Я, конечно, весь день пребывал в состоянии эротического возбуждения. В то же время я никак не был подготовлен к тому, что окажусь среди такого богатства – мои глаза провинциала видели нечто подобное лишь на страницах журнала "Нью-Йоркер" или в кино, но еще ни разу в действительности. Этот шок – словно мне внезапно впрыснули либидо вместе с пониманием, что передо мной всего лишь ценности, разумно приобретенные на презренный металл, – вызвал во мне смятение и целую кучу эмоций: пульс у меня участился, на щеках запылал лихорадочный румянец, рот вдруг наполнился слюной и, наконец, в моих трусах вдруг налился непомерно большой и твердый желвак, который потом весь вечер будет мне мешать, в каком бы положении я ни находился – сидел ли, стоял ли или даже когда, ковыляя, пробирался среди посетителей ресторана "У Гейджа и Толнера", куда повез Лесли ужинать. Мое состояние распаленного жеребца объяснялось, конечно, моей крайней молодостью и впоследствии редко проявлялось (во всяком случае после тридцати – ни разу так надолго). Со мной уже и раньше не раз случалось такое, но я редко бывал так напряжен и ничего подобного ни разу не возникало в обычных, не интимных условиях. Особенно запомнился тот случай, когда мне было около шестнадцати и я танцевал в школе с одной из тех искусных маленьких кокеток, о которых я упоминал и которым Лесли является драгоценной противоположностью, – девчонка проказила тогда со мной, как могла: она и дышала мне в шею, и щекотала пальчиком мою потную ладонь, и терлась своим шелковистым передком о мою пушку с таким преднамеренным и в то же время деланным распутством, что только благодаря силе воли – после не одного часа подобного испытания – мне удалось оторваться от маленького вампира и уйти, унося с собой в ночь мое взбухшее естество. В доме Лапидасов особых стимуляторов мне не потребовалось. Достаточно было мысли, что вот сейчас ко мне выйдет Лесли, а также сознания – признаюсь в этом без стыда, – что меня окружают такие деньги. Я поступил бы нечестно, если б не покаялся, что к сладостной перспективе слияния с Лесли добавилась теперь перспектива бракосочетания, при удачном стечении обстоятельств.

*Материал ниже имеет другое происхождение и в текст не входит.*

lemma trans_semigroup_subset:
  "trans_semigroup n \<delta> \<subseteq> maps_fixing_zero n \<union> const_map n ` {1..<n}"
proof
  fix t assume "t \<in> trans_semigroup n \<delta>"
  then obtain w where t: "t = word_trans n \<delta> w"
    unfolding trans_semigroup_def by blast
  show "t \<in> maps_fixing_zero n \<union> const_map n ` {1..<n}"
  proof (cases "fold \<delta> w 0 = 0")
    case True
    then have "t \<in> maps_fixing_zero n"
      using fold_closed[OF closed] nonempty by (auto simp: t word_trans_def maps_fixing_zero_def)
    then show ?thesis ..
  next
    case False
    have "t r = const_map n (fold \<delta> w 0) r" for r
      using fold_fixes_zero_or_constant[OF False, of r] by (simp add: t word_trans_def const_map_def)
    then have "t = const_map n (fold \<delta> w 0)" ..
    moreover have "fold \<delta> w 0 \<in> {1..<n}"
      using False fold_closed[OF closed nonempty] by auto
    ultimately show ?thesis
      by blast
  qed
qed

end

theorem lemma4:
  fixes n :: nat and \<delta> :: "'a::finite \<Rightarrow> nat \<Rightarrow> nat" and F :: "nat set"
  assumes "n \<ge> 3"
    and "dfa_wf n \<delta> F"
    and "dfa_minimal n \<delta> F"
    and "left_ideal (lang_from \<delta> F 0)"
    and "\<forall>xs. set xs \<subseteq> {..<n} \<and> sorted_wrt (state_prec \<delta> F) xs \<longrightarrow> length xs \<le> 2"
  shows "card (trans_semigroup n \<delta>) \<le> n ^ (n - 1) + n - 1
         \<and> trans_semigroup n \<delta> \<subseteq> S_sg n"
proof -
  interpret short_chain_left_ideal_dfa n \<delta> F
    using assms by unfold_locales auto
  let ?U = "maps_fixing_zero n \<union> const_map n ` {1..<n}"
  have "card (trans_semigroup n \<delta>) \<le> card ?U"
    using trans_semigroup_subset finite_maps_fixing_zero by (intro card_mono) auto
  also have "\<dots> \<le> card (maps_fixing_zero n) + card (const_map n ` {1..<n})"
    by (rule card_Un_le)
  also have "\<dots> \<le> n ^ (n - 1) + (n - 1)"
    using card_maps_fixing_zero card_image_le[of "{1..<n}" "const_map n"] by (intro add_mono) auto
  finally have "card (trans_semigroup n \<delta>) \<le> n ^ (n - 1) + n - 1"
    using assms(1) by simp
  moreover have "?U \<subseteq> S_monoid n"
    using maps_fixing_zero_subset_S_monoid[OF assms(1)] const_map_in_S_monoid[OF assms(1)] by auto
  then have "trans_semigroup n \<delta> \<subseteq> S_sg n"
    using trans_semigroup_subset S_monoid_subset_S_sg[OF assms(1)] by (meson subset_trans)
  ultimately show ?thesis ..
qed

end
lemma translation_N':
  fixes ci cj ck \<tau> \<beta> \<alpha>1 \<alpha>2 \<alpha>3 \<alpha>4 :: real and V v :: vsp and z :: zsp
    and \<gamma> :: "real \<Rightarrow> vsp \<times> zsp"
  defines "Z \<equiv> Zc ci cj ck"
  assumes gen: "norm Z > \<bar>ck\<bar>" "\<bar>ck\<bar> > 0"
    and gen_ck: "Vcomp brN' Z ck V \<noteq> 0" and gen_c: "Vcomp brN' Z (norm Z) V \<noteq> 0"
    and geo: "geodesic brN' \<gamma>" "\<gamma> 0 = (v, z)" "vel brN' \<gamma> 0 = (V, Z)"
    and closed: "\<tau> > 0" "vel brN' \<gamma> \<tau> = (V, Z)"
    and beta: "Vcomp brN' Z 0 V = \<beta> *\<^sub>R Yv ci cj ck"
    and alpha: "Vcomp brN' Z ck V + Vcomp brN' Z (norm Z) V =
      \<alpha>1 *\<^sub>R E1' ci cj ck + \<alpha>2 *\<^sub>R E2' ci cj ck + \<alpha>3 *\<^sub>R E3' ci cj ck + \<alpha>4 *\<^sub>R E4' ci cj ck"
  shows "(\<exists>n::int. \<tau> * ck = 2 * pi * n) \<and> (\<exists>n::int. \<tau> * norm Z = 2 * pi * n) \<and>
    gmult brN' (\<gamma> \<tau>) (ginv (\<gamma> 0)) =
      (\<tau> *\<^sub>R Vcomp brN' Z 0 V,
         (\<tau> * (1 + (norm (Vcomp brN' Z ck V + Vcomp brN' Z (norm Z) V))^2 / (2 * (norm Z)^2))) *\<^sub>R Z
       + (\<tau> * \<beta> * (- norm Z * \<alpha>3 + v$5 - ck / (ci^2 + cj^2) * (v$3 * ci + v$4 * cj))) *\<^sub>R vector [- cj, ci, 0]
       + (\<tau> * (- ((norm (Vcomp brN' Z ck V))^2 / (2 * ck * (norm Z)^2))
              + \<beta> * (\<alpha>4 - (v$3 * cj - v$4 * ci) / (ci^2 + cj^2))))
         *\<^sub>R vector [ck * ci, ck * cj, - (ci^2 + cj^2)])"
proof -
  define r s q where "r = norm Z" and "s = ci^2 + cj^2" and "q = ci^2 + cj^2 + ck^2"
  have r2: "r^2 = q"
    using norm_Zc_squared[of ci cj ck] by (simp add: r_def q_def Z_def)
  have ck: "ck \<noteq> 0" and r: "r \<noteq> 0" and k12: "ck^2 \<noteq> r^2" and s: "s \<noteq> 0" and q: "q \<noteq> 0"
    using gen power_strict_mono[of "\<bar>ck\<bar>" r 2] r2 by (auto simp: r_def s_def q_def)
  obtain a0 a1 a2 a3 a4 where span: "V = a0 *\<^sub>R Yv ci cj ck + (a1 *\<^sub>R E1' ci cj ck + a2 *\<^sub>R E2' ci cj ck)
      + (a3 *\<^sub>R E3' ci cj ck + a4 *\<^sub>R E4' ci cj ck)"
    using frame_span_N'[of ci cj V ck] s unfolding s_def by blast
  note frame = frame_N'[of ci cj ck, folded Z_def]
  note comps = N'.Vcomp_frame[OF frame(1) N'.pair_eigsp[OF frame(2,3)] N'.pair_eigsp[OF frame(4,5)]
      ck r[unfolded r_def] k12[unfolded r_def] span beta alpha]
  note T = N'.frame_geodesic_translation[OF frame ck r[unfolded r_def] k12[unfolded r_def] span
      gen_ck gen_c geo closed beta alpha]
  have key: "\<tau> *\<^sub>R (Z + \<beta> *\<^sub>R brN' v (Yv ci cj ck)
      + (\<beta> * \<alpha>2 / ck) *\<^sub>R brN' (Yv ci cj ck) (E1' ci cj ck)
      - (\<beta> * \<alpha>1 / ck) *\<^sub>R brN' (Yv ci cj ck) (E2' ci cj ck)
      + (\<beta> * \<alpha>4 / norm Z) *\<^sub>R brN' (Yv ci cj ck) (E3' ci cj ck)
      - (\<beta> * \<alpha>3 / norm Z) *\<^sub>R brN' (Yv ci cj ck) (E4' ci cj ck)
      + ((\<alpha>1^2 + \<alpha>2^2) / (2 * ck)) *\<^sub>R brN' (E1' ci cj ck) (E2' ci cj ck)
      + ((\<alpha>3^2 + \<alpha>4^2) / (2 * norm Z)) *\<^sub>R brN' (E3' ci cj ck) (E4' ci cj ck))
    = (\<tau> * (1 + ((\<alpha>1^2 + \<alpha>2^2) + q * s * (\<alpha>3^2 + \<alpha>4^2)) / (2 * q))) *\<^sub>R Z
      + (\<tau> * \<beta> * (- r * \<alpha>3 + v$5 - ck / s * (v$3 * ci + v$4 * cj))) *\<^sub>R vector [- cj, ci, 0]
      + (\<tau> * (- ((\<alpha>1^2 + \<alpha>2^2) / (2 * ck * q)) + \<beta> * (\<alpha>4 - (v$3 * cj - v$4 * ci) / s)))
        *\<^sub>R vector [ck * ci, ck * cj, - s]"
    unfolding brackets_N'[where ci = ci and cj = cj and ck = ck, folded Z_def] r_def[symmetric]
    unfolding Z_def Zc_def vec3_eq_iff
    using ck r s q by (simp add: field_simps) (use r2 s_def q_def in algebra)
  have "(norm (Vcomp brN' Z ck V))^2 = (\<alpha>1^2 + \<alpha>2^2)"
    "(norm (Vcomp brN' Z ck V + Vcomp brN' Z (norm Z) V))^2 = (\<alpha>1^2 + \<alpha>2^2) + q * s * (\<alpha>3^2 + \<alpha>4^2)"
    unfolding comps(2,3) power2_norm_eq_inner using r2
    by (simp_all add: inner_vec5 E1'_def E2'_def E3'_def E4'_def r_def[symmetric] Z_def[symmetric] s_def
        q_def algebra_simps power2_eq_square)
  moreover have "(\<exists>n::int. \<tau> * ck = 2 * pi * n) \<and> (\<exists>n::int. \<tau> * r = 2 * pi * n)"
    using T cos_one_2pi_int[of "ck * \<tau>"] cos_one_2pi_int[of "r * \<tau>"]
    by (auto simp: r_def algebra_simps)
  ultimately show ?thesis
    using T[unfolded key] beta r2 by (simp add: r_def[symmetric] s_def)
qed

theorem lemma5p4:
  fixes primed :: bool  \<comment> \<open>False: the group N with bracket brN; True: N' with brN'\<close>
    and ci cj ck \<tau> \<beta> \<alpha>1 \<alpha>2 \<alpha>3 \<alpha>4 :: real
    and V v :: "real^5" and z :: "real^3"
    and \<gamma> :: "real \<Rightarrow> (real^5) \<times> (real^3)"
  defines "br \<equiv> (if primed then brN' else brN)"
    and "Z \<equiv> Zc ci cj ck"
  assumes gen: "norm Z > \<bar>ck\<bar>" "\<bar>ck\<bar> > 0"
    and gen_ck: "Vcomp br Z ck V \<noteq> 0"
    and gen_c: "Vcomp br Z (norm Z) V \<noteq> 0"
    and gen_0: "Vcomp br Z 0 V \<noteq> 0"
    and geo: "geodesic br \<gamma>"
    and init: "\<gamma> 0 = (v, z)" "vel br \<gamma> 0 = (V, Z)"
    and tau: "\<tau> > 0" "vel br \<gamma> \<tau> = (V, Z)"
    and beta: "Vcomp br Z 0 V = \<beta> *\<^sub>R Yv ci cj ck"
    and alpha: "Vcomp br Z ck V + Vcomp br Z (norm Z) V =
       (if primed then
          \<alpha>1 *\<^sub>R E1' ci cj ck + \<alpha>2 *\<^sub>R E2' ci cj ck + \<alpha>3 *\<^sub>R E3' ci cj ck + \<alpha>4 *\<^sub>R E4' ci cj ck
        else
          \<alpha>1 *\<^sub>R E1 ci cj ck + \<alpha>2 *\<^sub>R E2 ci cj ck + \<alpha>3 *\<^sub>R E3 ci cj ck + \<alpha>4 *\<^sub>R E4 ci cj ck)"
  shows "(\<exists>n::int. \<tau> * ck = 2 * pi * n) \<and> (\<exists>n::int. \<tau> * norm Z = 2 * pi * n) \<and>
    gmult br (\<gamma> \<tau>) (ginv (\<gamma> 0)) =
      (\<tau> *\<^sub>R Vcomp br Z 0 V,
         (\<tau> * (1 + (norm (Vcomp br Z ck V + Vcomp br Z (norm Z) V))^2 / (2 * (norm Z)^2))) *\<^sub>R Z
       + (\<tau> * \<beta> *
           (if primed then - norm Z * \<alpha>3 + v$5 - ck / (ci^2 + cj^2) * (v$3 * ci + v$4 * cj)
            else \<alpha>2 - ck / (ci^2 + cj^2) * (v$1 * ci + v$2 * cj)))
         *\<^sub>R vector [- cj, ci, 0]
       + (\<tau> * (- ((norm (Vcomp br Z ck V))^2 / (2 * ck * (norm Z)^2))
              + \<beta> * (\<alpha>4 - (if primed then (v$3 * cj - v$4 * ci) else (v$1 * cj - v$2 * ci))
                                / (ci^2 + cj^2))))
         *\<^sub>R vector [ck * ci, ck * cj, - (ci^2 + cj^2)])"
proof (cases primed)
  case True
  then have br: "br = brN'" by (simp add: br_def)
  show ?thesis
    using True translation_N'[where ci = ci and cj = cj and ck = ck, folded Z_def, OF gen
        gen_ck[unfolded br] gen_c[unfolded br] geo[unfolded br] init(1) init(2)[unfolded br] tau(1)
        tau(2)[unfolded br] beta[unfolded br] alpha[unfolded br if_P[OF True]]]
    by (simp add: br)
next
  case False
  then have br: "br = brN" by (simp add: br_def)
  show ?thesis
    using False translation_N[where ci = ci and cj = cj and ck = ck, folded Z_def, OF gen
        gen_ck[unfolded br] gen_c[unfolded br] geo[unfolded br] init(1) init(2)[unfolded br] tau(1)
        tau(2)[unfolded br] beta[unfolded br] alpha[unfolded br if_not_P[OF False]]]
    by (simp add: br)
qed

Вскоре я между прочим узнал – от Лесли и от пожилого друга Лапидасов, некоего мистера Бена Филда, прибывшего в тот вечер со своей женой практически следом за мною, – что Лапидасы разбогатели на одной штучке из пластика, размером с указательный пальчик ребенка или червячок-аппендикс у взрослого, на который, кстати, этот предмет и походил. Бернард Лапидас, рассказывал мистер Филд, грея в руке стакан виски "Чивас регал", начал процветать в тридцатые годы, во время депрессии, занявшись выпуском штампованных пластмассовых пепельниц. Эти пепельницы (как потом пояснила мне Лесли) были такие, к каким все привыкли: черные, круглые, с фирменными названиями: "СТОРК-КЛУБ-21", "ЭЛЬ МОРОККО" или для более плебейского вкуса – "УГОЛОК БЕТТИ" и "В БАРЕ У ДЖО", Многие берут эти пепельницы в качестве сувенира, поэтому на них всегда есть спрос. За эти годы мистер Лапидас выпустил сотни тысяч пепельниц и благодаря маленькой фабричке в Лонг-Айленд-Сити мог вполне уютно жить со своим семейством сначала в Краун-Хайтс, а потом в одном из наиболее фешенебельных кварталов Флэтбуша. Собственно, переход от благосостояния к роскоши принесла с собой последняя война, когда Лапидасы перебрались в заново отремонтированный кирпичный особняк на Пирпонт-стрит и приобрели Боннара и Дега (а также, как я вскоре обнаружил, пейзаж кисти Писсарро – заброшенный проселок среди чащобы, окружавшей в девятнадцатом веке Париж; было в этом столько покоя и прелести, что у меня комок встал в горле).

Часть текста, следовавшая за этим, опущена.